Mit dem Green Deal würden die Agrarimporte drastisch zunehmen – auf Kosten der Bauern und der Umwelt.

Der Green Deal will einen radikalen Umbau der Agrarwirtschaft. Die Folge: Der Import von Agrarprodukten die unter deutlich schlechteren Standards erzeugt werden, nimmt drastisch zu. So verlagert die EU ihre Umweltprobleme in andere Länder und Weltregionen. Außerdem würden für die Produktion dieser nach Europa importierten Agrarprodukte weitere Wälder abgeholzt.

Die Umweltprobleme werden also einfach ausgelagert, sagen Wissenschaftler des Karlsruher Instituts für Technologie (KIT) in der Zeitschrift Nature. Stattdessen schlagen die Wissenschaftler die „nachhaltige Intensivierung" der landwirtschaftlichen Produktion zur Steigerung der Erträge vor und die Zulassung moderner Technologien – wie des Gen-Editing (Crisp).

Das wäre ein völlig anderer Weg als die EU-Kommission ihn gehen will – denn ihr Konzept ist mit erheblichen Einkommens-Verlusten in der Landwirtschaft und möglichweise auch stark steigenden Verbraucherpreise verbunden – wie eine aktuelle Folgenabschätzung der Wissenschaftsabteilung des amerikanischen Landwirtschaftsministerium zeigt.

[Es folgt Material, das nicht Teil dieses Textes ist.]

definition dist_le :: "(nat \<Rightarrow> nat \<Rightarrow> bool) \<Rightarrow> nat \<Rightarrow> nat \<Rightarrow> nat \<Rightarrow> bool" where
  "dist_le E u v t \<longleftrightarrow> (\<exists>k\<le>t. walk_len E u v k)"

definition ball :: "nat set \<Rightarrow> (nat \<Rightarrow> nat \<Rightarrow> bool) \<Rightarrow> nat \<Rightarrow> nat \<Rightarrow> nat set" where
  "ball V E v r = {u \<in> V. dist_le E v u r}"

definition is_graph :: "nat set \<Rightarrow> (nat \<Rightarrow> nat \<Rightarrow> bool) \<Rightarrow> bool" where
  "is_graph V E \<longleftrightarrow> finite V \<and> (\<forall>u v. E u v \<longrightarrow> u \<in> V \<and> v \<in> V \<and> E v u \<and> u \<noteq> v)"

definition connected_graph :: "nat set \<Rightarrow> (nat \<Rightarrow> nat \<Rightarrow> bool) \<Rightarrow> bool" where
  "connected_graph V E \<longleftrightarrow> (\<forall>u\<in>V. \<forall>v\<in>V. \<exists>k. walk_len E u v k)"

definition has_cycle :: "(nat \<Rightarrow> nat \<Rightarrow> bool) \<Rightarrow> bool" where
  "has_cycle E \<longleftrightarrow> (\<exists>cs. length cs \<ge> 3 \<and> distinct cs \<and>
      (\<forall>i<length cs. E (cs ! i) (cs ! ((i + 1) mod length cs))))"

definition is_tree :: "nat set \<Rightarrow> (nat \<Rightarrow> nat \<Rightarrow> bool) \<Rightarrow> bool" where
  "is_tree V E \<longleftrightarrow> is_graph V E \<and> V \<noteq> {} \<and> connected_graph V E \<and> \<not> has_cycle E"

definition max_deg_le :: "nat set \<Rightarrow> (nat \<Rightarrow> nat \<Rightarrow> bool) \<Rightarrow> nat \<Rightarrow> bool" where
  "max_deg_le V E \<Delta> \<longleftrightarrow> (\<forall>v\<in>V. card {u. E v u} \<le> \<Delta>)"

definition tree_family :: "nat \<Rightarrow> nat set \<Rightarrow> (nat \<Rightarrow> nat \<Rightarrow> bool) \<Rightarrow> bool" where
  "tree_family \<Delta> V E \<longleftrightarrow> is_tree V E \<and> max_deg_le V E \<Delta>"

type_synonym ('i,'o) verifier =
  "nat set \<Rightarrow> (nat \<Rightarrow> nat \<Rightarrow> bool) \<Rightarrow> (nat \<Rightarrow> 'i) \<Rightarrow> (nat \<Rightarrow> 'o) \<Rightarrow> nat \<Rightarrow> bool"
  (* True = happy *)

definition local_verifier :: "nat \<Rightarrow> nat \<Rightarrow> ('i,'o) verifier \<Rightarrow> bool" where
  "local_verifier \<Delta> r \<psi> \<longleftrightarrow>
    (\<forall>V1 E1 in1 out1 v1 V2 E2 in2 out2 v2 f.
       tree_family \<Delta> V1 E1 \<and> tree_family \<Delta> V2 E2 \<and> v1 \<in> V1 \<and> v2 \<in> V2 \<and>
       bij_betw f (ball V1 E1 v1 r) (ball V2 E2 v2 r) \<and> f v1 = v2 \<and>
       (\<forall>x\<in>ball V1 E1 v1 r. \<forall>y\<in>ball V1 E1 v1 r. E1 x y \<longleftrightarrow> E2 (f x) (f y)) \<and>
       (\<forall>x\<in>ball V1 E1 v1 r. in1 x = in2 (f x) \<and> out1 x = out2 (f x))
     \<longrightarrow> \<psi> V1 E1 in1 out1 v1 = \<psi> V2 E2 in2 out2 v2)"

definition accepts :: "('i,'o) verifier \<Rightarrow> nat set \<Rightarrow> (nat \<Rightarrow> nat \<Rightarrow> bool) \<Rightarrow> (nat \<Rightarrow> 'i)
    \<Rightarrow> (nat \<Rightarrow> 'o) \<Rightarrow> bool" where
  "accepts \<psi> V E inp lab \<longleftrightarrow> (\<forall>v\<in>V. \<psi> V E inp lab v)"

text \<open>Partial labelings: None plays the role of \<bottom>. Relaxed verifier \<psi>*.\<close>
definition relaxed :: "nat \<Rightarrow> ('i,'o) verifier \<Rightarrow> nat set \<Rightarrow> (nat \<Rightarrow> nat \<Rightarrow> bool) \<Rightarrow> (nat \<Rightarrow> 'i)
    \<Rightarrow> (nat \<Rightarrow> 'o option) \<Rightarrow> nat \<Rightarrow> bool" where
  "relaxed r \<psi> V E inp \<mu> v \<longleftrightarrow>
     (\<exists>u\<in>ball V E v r. \<mu> u = None) \<or>
     (\<forall>lab'. (\<forall>u\<in>ball V E v r. \<mu> u = Some (lab' u)) \<longrightarrow> \<psi> V E inp lab' v)"

definition accepts_relaxed :: "nat \<Rightarrow> ('i,'o) verifier \<Rightarrow> nat set \<Rightarrow> (nat \<Rightarrow> nat \<Rightarrow> bool)
    \<Rightarrow> (nat \<Rightarrow> 'i) \<Rightarrow> (nat \<Rightarrow> 'o option) \<Rightarrow> bool" where
  "accepts_relaxed r \<psi> V E inp \<mu> \<longleftrightarrow> (\<forall>v\<in>V. relaxed r \<psi> V E inp \<mu> v)"

definition is_mend :: "nat \<Rightarrow> ('i,'o) verifier \<Rightarrow> nat set \<Rightarrow> (nat \<Rightarrow> nat \<Rightarrow> bool) \<Rightarrow> (nat \<Rightarrow> 'i)
    \<Rightarrow> (nat \<Rightarrow> 'o option) \<Rightarrow> nat \<Rightarrow> nat \<Rightarrow> (nat \<Rightarrow> 'o option) \<Rightarrow> bool" where
  "is_mend r \<psi> V E inp lab v t \<mu> \<longleftrightarrow>
     accepts_relaxed r \<psi> V E inp \<mu> \<and> \<mu> v \<noteq> None \<and>
     (\<forall>u\<in>V. \<mu> u = None \<longrightarrow> lab u = None) \<and>
     (\<forall>u\<in>V. \<mu> u \<noteq> lab u \<longrightarrow> dist_le E u v t)"

definition mendable_verifier :: "nat \<Rightarrow> nat \<Rightarrow> ('i,'o) verifier \<Rightarrow> (nat \<Rightarrow> nat) \<Rightarrow> bool" where
  "mendable_verifier \<Delta> r \<psi> T \<longleftrightarrow>
     (\<forall>V E inp lab v. tree_family \<Delta> V E \<and> accepts_relaxed r \<psi> V E inp lab \<and> v \<in> V
        \<longrightarrow> (\<exists>\<mu>. is_mend r \<psi> V E inp lab v (T (card V)) \<mu>))"

text \<open>The LCL problem \<Pi> on the family is given by a radius-r local verifier \<psi>
  (finite label sets are the finite types 'i, 'o; bounded degree by \<Delta>).
  \<Pi> is T-mendable iff some local verifier accepting exactly the solutions of \<Pi>
  is T-mendable.\<close>
definition problem_mendable :: "nat \<Rightarrow> nat \<Rightarrow> ('i,'o) verifier \<Rightarrow> (nat \<Rightarrow> nat) \<Rightarrow> bool" where
  "problem_mendable \<Delta> r \<psi> T \<longleftrightarrow>
     (\<exists>r' \<psi>'. local_verifier \<Delta> r' \<psi>' \<and>
        (\<forall>V E inp lab. tree_family \<Delta> V E \<longrightarrow> (accepts \<psi>' V E inp lab \<longleftrightarrow> accepts \<psi> V E inp lab)) \<and>
        mendable_verifier \<Delta> r' \<psi>' T)"
lemma alpha_fm_substs:
  "alpha_fm e1 e2 \<phi> \<psi> \<Longrightarrow> (\<And>x y. alpha_var e1 e2 x y \<Longrightarrow> alpha_tm c1 c2 (\<sigma>1 x) (\<sigma>2 y))
   \<Longrightarrow> capture_free \<sigma>1 \<phi> \<Longrightarrow> capture_free \<sigma>2 \<psi>
   \<Longrightarrow> alpha_fm c1 c2 (substs \<sigma>1 \<phi>) (substs \<sigma>2 \<psi>)"
proof (induction \<phi> arbitrary: \<psi> e1 e2 c1 c2 \<sigma>1 \<sigma>2)
  case (Eq t t')
  then show ?case
    by (cases \<psi>) (auto intro: alpha_tm_substt)
next
  case (Neg a)
  then show ?case
    by (cases \<psi>) auto
next
  case (Imp a b)
  then obtain a' b' where \<psi>: "\<psi> = Imp a' b'"
    by (cases \<psi>) auto
  have "alpha_fm c1 c2 (substs \<sigma>1 a) (substs \<sigma>2 a')"
    by (rule Imp.IH(1)) (use Imp.prems \<psi> in auto)
  moreover have "alpha_fm c1 c2 (substs \<sigma>1 b) (substs \<sigma>2 b')"
    by (rule Imp.IH(2)) (use Imp.prems \<psi> in auto)
  ultimately show ?case
    using \<psi> by simp
next
  case (K a)
  then show ?case
    by (cases \<psi>) auto
next
  case (All x a)
  then obtain y b where \<psi>: "\<psi> = All y b"
    by (cases \<psi>) auto
  have al: "alpha_fm (x # e1) (y # e2) a b"
    using All.prems(1) \<psi> by simp
  have "alpha_tm (x # c1) (y # c2) ((\<sigma>1(x := Var x)) u) ((\<sigma>2(y := Var y)) v)"
    if "alpha_var (x # e1) (y # e2) u v" for u v
    using that All.prems(2) capture_free_All(2)[OF All.prems(3)]
      capture_free_All(2)[OF All.prems(4)[unfolded \<psi>]]
    by (auto simp: alpha_var_Cons intro: alpha_tm_Cons)
  from All.IH[OF al this capture_free_All(1)[OF All.prems(3)]
      capture_free_All(1)[OF All.prems(4)[unfolded \<psi>]]]
  show ?case
    using \<psi> by (simp add: fun_upd_def)
qed

lemma alpha_tm_FV:
  "alpha_tm e1 e2 t t' \<Longrightarrow> u \<in> FVt t' \<Longrightarrow> \<exists>x\<in>FVt t. alpha_var e1 e2 x u"
  by (induction t arbitrary: t'; case_tac t'; auto)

Die Kommission selbst hat bisher noch keine wissenschaftliche begründete Folgenabschätzung des Green Deal vorgelegt.   

Green Deal: Dem Rest der Welt zeigen wie es geht?

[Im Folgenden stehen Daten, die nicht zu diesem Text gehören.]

lemma slope_env_locally_expanding:
  assumes "x \<in> {a..b}" "isCont f x" "\<not> slope_bounded_at f a b m x"
  shows "\<exists>d>0. \<forall>c\<in>{a..b} \<inter> ball x d. \<forall>e\<in>{a..b} \<inter> ball x d.
           c \<le> e \<longrightarrow> m * (e - c) \<le> slope_env m a b f e - slope_env m a b f c"
proof -
  let ?R = "right_env m b f" and ?L = "left_env m a f"
  from not_slope_bounded_atD[OF assms(3)]
  obtain d g where "d > 0" and g: "g = ?R \<or> g = ?L"
    and affine: "\<forall>y\<in>{a..b} \<inter> ball x d. g y - m * y = g x - m * x"
  proof (elim disjE bexE)
    fix \<tau> assume "\<tau> \<in> {a..<x}" "m * (x - \<tau>) < f x - f \<tau>"
    with assms that[of _ ?L] show thesis
      using left_env_locally_affine[of x \<tau>] by auto
  next
    fix \<tau> assume "\<tau> \<in> {x<..b}" "m * (\<tau> - x) < f \<tau> - f x"
    with assms that[of _ ?R] show thesis
      using right_env_locally_affine[OF mono nonneg, of x \<tau>] by auto
  qed
  have "m * (e - c) \<le> slope_env m a b f e - slope_env m a b f c"
    if "c \<in> {a..b} \<inter> ball x d" "e \<in> {a..b} \<inter> ball x d" "c \<le> e" for c e
  proof -
    have "?R c \<le> ?R e" "?L c \<le> ?L e"
      using that by (auto intro: mono_onD[OF right_env_mono[OF mono nonneg]] mono_onD[OF left_env_mono])
    moreover have "g e - g c = m * (e - c)"
      using affine[rule_format, of e] affine[rule_format, of c] that by (simp add: right_diff_distrib)
    ultimately show ?thesis
      using g by (auto simp: slope_env_def)
  qed
  with \<open>d > 0\<close> show ?thesis by blast
qed

end

lemma sum_measure_Int_tagged_division:
  fixes T :: "real set"
  assumes "T \<in> sets lebesgue" and P: "P tagged_division_of {p..q}"
  shows "(\<Sum>(x, K)\<in>P. measure lebesgue (T \<inter> K)) = measure lebesgue (T \<inter> {p..q})"
proof -
  have lmeas: "T \<inter> {c..e} \<in> lmeasurable" for c e
    using assms(1) by (subst Int_commute) (intro fmeasurable_Int_fmeasurable; simp)
  have "(\<Sum>(x, K)\<in>P. measure lebesgue (T \<inter> K)) = (\<Sum>(x, K)\<in>P. integral K (indicat_real T))"
    using tagged_division_ofD(4)[OF P]
    by (intro sum.cong) (force simp: Equivalence_Lebesgue_Henstock_Integration.integral_indicator lmeas)+
  also have "\<dots> = integral {p..q} (indicat_real T)"
    using integral_combine_tagged_division_topdown[of "indicat_real T" p q P] P
    by (simp add: integrable_on_indicator lmeas)
  also have "\<dots> = measure lebesgue (T \<inter> {p..q})"
    by (simp add: Equivalence_Lebesgue_Henstock_Integration.integral_indicator lmeas)
  finally show ?thesis .
qed

lemma interval_length_le_measure_add_increment:
  fixes w :: "real \<Rightarrow> real" and T :: "real set"
  assumes "p \<le> q" and "open T" and mono: "mono_on {p..q} w"
    and expanding: "\<And>x. x \<in> {p..q} - T \<Longrightarrow> \<exists>d>0. \<forall>c\<in>{p..q} \<inter> ball x d. \<forall>e\<in>{p..q} \<inter> ball x d.
                      c \<le> e \<longrightarrow> e - c \<le> w e - w c"
  shows "q - p \<le> measure lebesgue (T \<inter> {p..q}) + (w q - w p)"
proof -
  have "\<forall>x. \<exists>d>0. x \<in> {p..q} \<longrightarrow> ball x d \<subseteq> T \<or>
          (\<forall>c\<in>{p..q} \<inter> ball x d. \<forall>e\<in>{p..q} \<inter> ball x d. c \<le> e \<longrightarrow> e - c \<le> w e - w c)"
    using expanding \<open>open T\<close> by (metis Diff_iff open_contains_ball zero_less_one)
  then obtain d where d_pos: "\<And>x. d x > 0" and d: "\<And>x. x \<in> {p..q} \<Longrightarrow> ball x (d x) \<subseteq> T \<or>
          (\<forall>c\<in>{p..q} \<inter> ball x (d x). \<forall>e\<in>{p..q} \<inter> ball x (d x). c \<le> e \<longrightarrow> e - c \<le> w e - w c)"
    by metis
  have "gauge (\<lambda>x. ball x (d x))"
    using d_pos by (simp add: gauge_def)
  then obtain P where P: "P tagged_division_of {p..q}" and fine: "(\<lambda>x. ball x (d x)) fine P"
    by (rule fine_division_exists_real)
  have tag: "Sup K - Inf K \<le> measure lebesgue (T \<inter> K) + (w (Sup K) - w (Inf K))"
    if xK: "(x, K) \<in> P" for x K
  proof -
    obtain c e where K: "K = {c..e}"
      using tagged_division_ofD(4)[OF P xK] by auto
    have "x \<in> K" "K \<subseteq> {p..q}" "K \<subseteq> ball x (d x)"
      using tagged_division_ofD(2,3)[OF P xK] fine xK by (auto simp: fine_def)
    then have "c \<le> e" and ce: "c \<in> {p..q} \<inter> ball x (d x)" "e \<in> {p..q} \<inter> ball x (d x)"
      by (auto simp: K subset_iff)
    have "w c \<le> w e"
      using ce \<open>c \<le> e\<close> by (intro mono_onD[OF mono]) auto
    moreover have "K \<subseteq> T \<or> e - c \<le> w e - w c"
      using d[of x] ce \<open>c \<le> e\<close> \<open>x \<in> K\<close> \<open>K \<subseteq> {p..q}\<close> \<open>K \<subseteq> ball x (d x)\<close> by blast
    then have "measure lebesgue (T \<inter> K) = e - c \<or> e - c \<le> w e - w c"
      using \<open>c \<le> e\<close> by (auto simp: K Int_absorb1)
    moreover have K_simps: "Sup K = e" "Inf K = c"
      using \<open>c \<le> e\<close> by (auto simp: K)
    moreover note measure_nonneg[of lebesgue "T \<inter> K"]
    ultimately show ?thesis
      unfolding K_simps by linarith
  qed
  have "q - p = (\<Sum>(x, K)\<in>P. Sup K - Inf K)"
    using additive_tagged_division_1[OF \<open>p \<le> q\<close> P, of "\<lambda>x. x"] by simp
  also have "\<dots> \<le> (\<Sum>(x, K)\<in>P. measure lebesgue (T \<inter> K) + (w (Sup K) - w (Inf K)))"
    using tag by (intro sum_mono) auto
  also have "\<dots> = (\<Sum>(x, K)\<in>P. measure lebesgue (T \<inter> K)) + (\<Sum>(x, K)\<in>P. w (Sup K) - w (Inf K))"
    by (simp add: sum.distrib case_prod_unfold)
  also have "(\<Sum>(x, K)\<in>P. measure lebesgue (T \<inter> K)) = measure lebesgue (T \<inter> {p..q})"
    using \<open>open T\<close> P by (intro sum_measure_Int_tagged_division) (simp add: borel_open)
  also have "(\<Sum>(x, K)\<in>P. w (Sup K) - w (Inf K)) = w q - w p"
    using additive_tagged_division_1[OF \<open>p \<le> q\<close> P] by simp
  finally show ?thesis .
qed

lemma rising_sun_estimate:
  fixes f :: "real \<Rightarrow> real" and T :: "real set"
  assumes "a \<le> p" "p \<le> q" "q \<le> b" and mono: "mono_on {a..b} f" and "0 < m" and "open T"
    and bad: "\<And>x. x \<in> {p..q} - T \<Longrightarrow> isCont f x \<and> \<not> slope_bounded_at f a b m x"
  shows "q - p \<le> measure lebesgue (T \<inter> {p..q}) + 2 * (f b - f a) / m"
proof -
  define w where "w x = slope_env m a b f x / m" for x
  have incr: "w e - w c = (slope_env m a b f e - slope_env m a b f c) / m" for c e
    by (simp add: w_def diff_divide_distrib)
  have "mono_on {p..q} w"
    using mono_onD[OF slope_env_mono[OF mono]] assms(1-3) \<open>0 < m\<close>
    by (intro mono_onI) (simp add: w_def divide_right_mono)
  moreover have "\<exists>d>0. \<forall>c\<in>{p..q} \<inter> ball x d. \<forall>e\<in>{p..q} \<inter> ball x d. c \<le> e \<longrightarrow> e - c \<le> w e - w c"
    if x: "x \<in> {p..q} - T" for x
  proof -
    obtain d where "d > 0" and d: "\<forall>c\<in>{a..b} \<inter> ball x d. \<forall>e\<in>{a..b} \<inter> ball x d.
        c \<le> e \<longrightarrow> m * (e - c) \<le> slope_env m a b f e - slope_env m a b f c"
      using slope_env_locally_expanding[OF mono, of m x] bad[OF x] x assms(1-3) \<open>0 < m\<close>
      by auto
    have "e - c \<le> w e - w c"
      if "c \<in> {p..q} \<inter> ball x d" "e \<in> {p..q} \<inter> ball x d" "c \<le> e" for c e
      using d that assms(1-3) \<open>0 < m\<close> by (auto simp: incr pos_le_divide_eq mult.commute)
    with \<open>d > 0\<close> show ?thesis by blast
  qed
  ultimately have "q - p \<le> measure lebesgue (T \<inter> {p..q}) + (w q - w p)"
    using \<open>p \<le> q\<close> \<open>open T\<close> by (intro interval_length_le_measure_add_increment) auto
  also have "w q - w p \<le> 2 * (f b - f a) / m"
    using slope_env_increment_le[OF mono _ assms(1-3), of m] \<open>0 < m\<close>
    by (simp add: incr divide_right_mono)
  finally show ?thesis by simp
qed

lemma exists_slope_bounded_point_outside_open:
  fixes f :: "real \<Rightarrow> real" and T :: "real set"
  assumes "a \<le> p" "p \<le> q" "q \<le> b" and mono: "mono_on {a..b} f" and "0 < c" and "open T"
    and cont: "\<And>x. x \<in> {p..q} - T \<Longrightarrow> isCont f x"
    and small: "measure lebesgue (T \<inter> {p..q}) + 2 / c < q - p"
  shows "\<exists>x\<in>{p..q} - T. slope_bounded_at f a b (c * (f b - f a)) x"
proof (cases "f a = f b")
  case True
  have const: "f x - f y = 0" if "x \<in> {a..b}" "y \<in> {a..b}" for x y
    using mono_onD[OF mono, of a x] mono_onD[OF mono, of x b] mono_onD[OF mono, of a y]
      mono_onD[OF mono, of y b] that True by auto
  have "\<not> {p..q} \<subseteq> T"
  proof
    assume "{p..q} \<subseteq> T"
    then have "measure lebesgue (T \<inter> {p..q}) = q - p"
      using \<open>p \<le> q\<close> by (simp add: Int_absorb1)
    with small \<open>0 < c\<close> show False by simp
  qed
  then obtain x where x: "x \<in> {p..q} - T" by blast
  then have "slope_bounded_at f a b (c * (f b - f a)) x"
    using True assms(1-3) by (auto simp: slope_bounded_at_def const)
  with x show ?thesis by blast
next
  case False
  then have "0 < c * (f b - f a)"
    using mono_onD[OF mono, of a b] assms(1-3) \<open>0 < c\<close> by auto
  show ?thesis
  proof (rule ccontr)
    assume "\<not> ?thesis"
    then have "q - p \<le> measure lebesgue (T \<inter> {p..q}) + 2 * (f b - f a) / (c * (f b - f a))"
      using cont \<open>0 < c * (f b - f a)\<close> \<open>open T\<close> assms(1-3)
      by (intro rising_sun_estimate[OF _ _ _ mono]) auto
    moreover have "2 * (f b - f a) / (c * (f b - f a)) = 2 / c"
      using False nonzero_mult_divide_mult_cancel_right[of "f b - f a" 2 c] by simp
    ultimately show False
      using small by simp
  qed
qed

Luftaufnahme einer Agrarfläche mit Brachland und wachsenden Feldern

Nach dem Willen der Kommission soll Europa bis 2050 der erste klimaneutrale Kontinent werden – dieses Ziel des "Green Deal" wurde Ende 2019 angekündigt. Die CO2-Emissionen sollen reduziert werden. Dafür soll unter anderem auch  die Landwirtschaft umweltfreundlicher werden und die Nutzung erneuerbare Energien soll deutlich ausgebaut werden.

In Zeitschrift Nature zeigen Wissenschaftler des Karlsruher Instituts für Technologie (KIT) nun, dass dieser "Green Deal" ein schlechtes Geschäft für die Bauern und den übrigen Planeten sein könnte. Denn: Die EU würde die Umweltschäden und Probleme durch hohe Importe landwirtschaftlicher Produkte auslagern.

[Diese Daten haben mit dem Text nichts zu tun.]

lemma nn_integral_indep_var_pair:
  fixes Y :: "'a \<Rightarrow> 'b::topological_space" and Z :: "'a \<Rightarrow> 'b"
  assumes "prob_space M" and "prob_space.indep_var M borel Y borel Z"
    and F: "F \<in> borel_measurable (borel \<Otimes>\<^sub>M borel)"
  shows "(\<integral>\<^sup>+\<omega>. F (Y \<omega>, Z \<omega>) \<partial>M) = (\<integral>\<^sup>+\<omega>. (\<integral>\<^sup>+\<omega>'. F (Y \<omega>, Z \<omega>') \<partial>M) \<partial>M)"
proof -
  interpret prob_space M by (rule assms(1))
  have Y: "Y \<in> borel_measurable M" and Z: "Z \<in> borel_measurable M"
    and joint: "distr M borel Y \<Otimes>\<^sub>M distr M borel Z = distr M (borel \<Otimes>\<^sub>M borel) (\<lambda>x. (Y x, Z x))"
    using assms(2) unfolding indep_var_distribution_eq by auto
  interpret DZ: prob_space "distr M borel Z" using Z by (rule prob_space_distr)
  have "(\<integral>\<^sup>+\<omega>. F (Y \<omega>, Z \<omega>) \<partial>M) = (\<integral>\<^sup>+p. F p \<partial>distr M (borel \<Otimes>\<^sub>M borel) (\<lambda>x. (Y x, Z x)))"
    using Y Z F by (subst nn_integral_distr) auto
  also have "\<dots> = (\<integral>\<^sup>+y. (\<integral>\<^sup>+z. F (y, z) \<partial>distr M borel Z) \<partial>distr M borel Y)"
    using F by (simp add: joint[symmetric] DZ.nn_integral_fst[symmetric] sets_pair_measure_cong)
  also have "\<dots> = (\<integral>\<^sup>+\<omega>. (\<integral>\<^sup>+z. F (Y \<omega>, z) \<partial>distr M borel Z) \<partial>M)"
    using Y F by (subst nn_integral_distr) (auto intro!: DZ.borel_measurable_nn_integral_fst)
  also have "\<dots> = (\<integral>\<^sup>+\<omega>. (\<integral>\<^sup>+\<omega>'. F (Y \<omega>, Z \<omega>') \<partial>M) \<partial>M)"
    using Z F by (intro nn_integral_cong) (simp add: nn_integral_distr)
  finally show ?thesis .
qed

Die EU will „dem Rest der Welt zeigen, wie man nachhaltig und zugleich wettbewerbsfähig ist", sagt Ursula von der Leyen, Präsidentin der Europäischen Kommission. Hinter dieser vagen Rhetorik lauern jedoch viele Probleme. Für die Bauern, für die Verbraucher und auch für die übrigen Regionen der Welt.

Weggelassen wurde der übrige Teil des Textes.